What the exercise asks ::
Please set down, word for word, each line from the one containing "text \<open>Operator 2-norm: operator" through the final line of the records below, both included, and nothing else.

Data extract ::
(* Let $H_1,H_2$ be Hermitian matrices, $f_1,f_2:[0,T]\to\mathbb{R}$ twice continuously differentiable, $H(t)=f_1(t)H_1+f_2(t)H_2$, $L\ge1$ an integer, and for $X\in\{(s,1),(g,1),(s,2),(g,2)\}$ let $\mathcal{U}_X=U_X(T,\tfrac{(L-1)T}{L})\cdots U_X(\tfrac{2T}{L},\tfrac{T}{L})U_X(\tfrac TL,0)$ (product of $L$ steps of size $h=T/L$). Then $$\|\mathcal U_{s,1}-U(T,0)\|\le\alpha_{s,1}\tfrac{T^2}{L}+\beta_{s,1}\tfrac{T^3}{L^2},\qquad \|\mathcal U_{g,1}-U(T,0)\|\le\alpha_{g,1}\tfrac{T^2}{L},$$ $$\|\mathcal U_{s,2}-U(T,0)\|\le\alpha_{s,2}\tfrac{T^3}{L^2}+\beta_{s,2}\tfrac{T^4}{L^3}+\gamma_{s,2}\tfrac{T^5}{L^4},\qquad \|\mathcal U_{g,2}-U(T,0)\|\le\alpha_{g,2}\tfrac{T^3}{L^2}.$$
   Context: $\|\cdot\|$ on matrices is the operator 2-norm; $\|f\|=\|f\|_\infty=\sup_{t\in[0,T]}|f(t)|$. $U(t,s)$ is the exact evolution: $\partial_tU(t,s)=-\mathrm{i} H(t)U(t,s)$, $U(s,s)=I$. Trotter steps: $U_{s,1}(t+h,t)=\exp(-\mathrm{i} f_2(t+h)H_2h)\exp(-\mathrm{i} f_1(t+h)H_1h)$; $U_{g,1}(t+h,t)=\exp(-\mathrm{i}\int_t^{t+h}f_2(s)ds\,H_2)\exp(-\mathrm{i}\int_t^{t+h}f_1(s)ds\,H_1)$; $U_{s,2}(t+h,t)=\exp(-\frac{\mathrm{i} h}{2}f_1(t+h/2)H_1)\exp(-\mathrm{i} hf_2(t+h/2)H_2)\exp(-\frac{\mathrm{i} h}{2}f_1(t+h/2)H_1)$; $U_{g,2}(t+h,t)=\exp(-\mathrm{i}\int_{t+h/2}^{t+h}f_1(s)ds\,H_1)\exp(-\mathrm{i}\int_t^{t+h}f_2(s)ds\,H_2)\exp(-\mathrm{i}\int_t^{t+h/2}f_1(s)ds\,H_1)$. Constants: $\alpha_{s,1}=\frac12\|f_1'\|\|H_1\|+\frac12\|f_2'\|\|H_2\|+\frac12\|f_1\|\|f_2\|\|[H_1,H_2]\|$; $\beta_{s,1}=\frac16\|f_1\|\|f_2'\|\|[H_1,H_2]\|$; $\alpha_{g,1}=\frac12\|f_1\|\|f_2\|\|[H_1,H_2]\|$; $\alpha_{s,2}=\frac{7}{24}\|f_1''\|\|H_1\|+\frac1{12}\|f_1'\|\|f_2\|\|H_1\|+\frac7{24}\|f_2''\|\|H_2\|+\frac16(\|f_1'\|\|f_2\|+\|f_1\|\|f_2'\|)\|[H_1,H_2]\|+\frac1{24}\|f_1\|^2\|f_2\|\|[H_1,[H_1,H_2]]\|+\frac1{12}\|f_1\|\|f_2\|^2\|[H_2,[H_1,H_2]]\|$; $\beta_{s,2}=\frac1{64}\|f_1'\|\|f_2'\|\|H_1\|+(\frac1{192}\|f_1\|\|f_2''\|+\frac1{192}\|f_1''\|\|f_2\|+\frac1{48}\|f_1'\|\|f_2'\|)\|[H_1,H_2]\|+\frac1{96}\|f_1\|\|f_1'\|\|f_2\|\|[H_1,[H_1,H_2]]\|+\frac1{48}\|f_1\|\|f_2\|\|f_2'\|\|[H_2,[H_1,H_2]]\|$; $\gamma_{s,2}=\frac1{960}\|f_1'\|^2\|f_2\|\|[H_1,[H_1,H_2]]\|+\frac1{480}\|f_1\|\|f_2'\|^2\|[H_2,[H_1,H_2]]\|$; $\alpha_{g,2}=(\frac7{12}\|f_1\|\|f_2'\|+\frac{11}{24}\|f_1'\|\|f_2\|)\|[H_1,H_2]\|+\frac38\|f_1\|^2\|f_2\|\|[H_1,[H_1,H_2]]\|+\frac1{12}\|f_1\|\|f_2\|^2\|[H_2,[H_2,H_1]]\|$. *)

theory Defs
  imports "HOL-Analysis.Analysis"
begin

text \<open>Complex n x n matrices are modelled as complex^'n^'n (dimension = CARD('n)).\<close>

definition cmat :: "complex \<Rightarrow> complex^'n^'m \<Rightarrow> complex^'n^'m" where
  "cmat c A = (\<chi> i j. c * A $ i $ j)"

definition hermitian :: "complex^'n^'n \<Rightarrow> bool" where
  "hermitian A \<longleftrightarrow> (\<forall>i j. A $ i $ j = cnj (A $ j $ i))"

text \<open>Operator 2-norm: operator norm w.r.t. the Euclidean norm on complex^'n.\<close>
definition opn :: "complex^'n^'n \<Rightarrow> real" where
  "opn A = onorm (\<lambda>x. A *v x)"

fun mpow :: "complex^'n^'n \<Rightarrow> nat \<Rightarrow> complex^'n^'n" where
  "mpow A 0 = mat 1"
| "mpow A (Suc k) = A ** mpow A k"

definition mexp :: "complex^'n^'n \<Rightarrow> complex^'n^'n" where
  "mexp A = (\<Sum>k. (1 / fact k) *\<^sub>R mpow A k)"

Final answer ::
text \<open>Operator 2-norm: operator norm w.r.t. the Euclidean norm on complex^'n.\<close>
definition opn :: "complex^'n^'n \<Rightarrow> real" where
  "opn A = onorm (\<lambda>x. A *v x)"

fun mpow :: "complex^'n^'n \<Rightarrow> nat \<Rightarrow> complex^'n^'n" where
  "mpow A 0 = mat 1"
| "mpow A (Suc k) = A ** mpow A k"

definition mexp :: "complex^'n^'n \<Rightarrow> complex^'n^'n" where
  "mexp A = (\<Sum>k. (1 / fact k) *\<^sub>R mpow A k)"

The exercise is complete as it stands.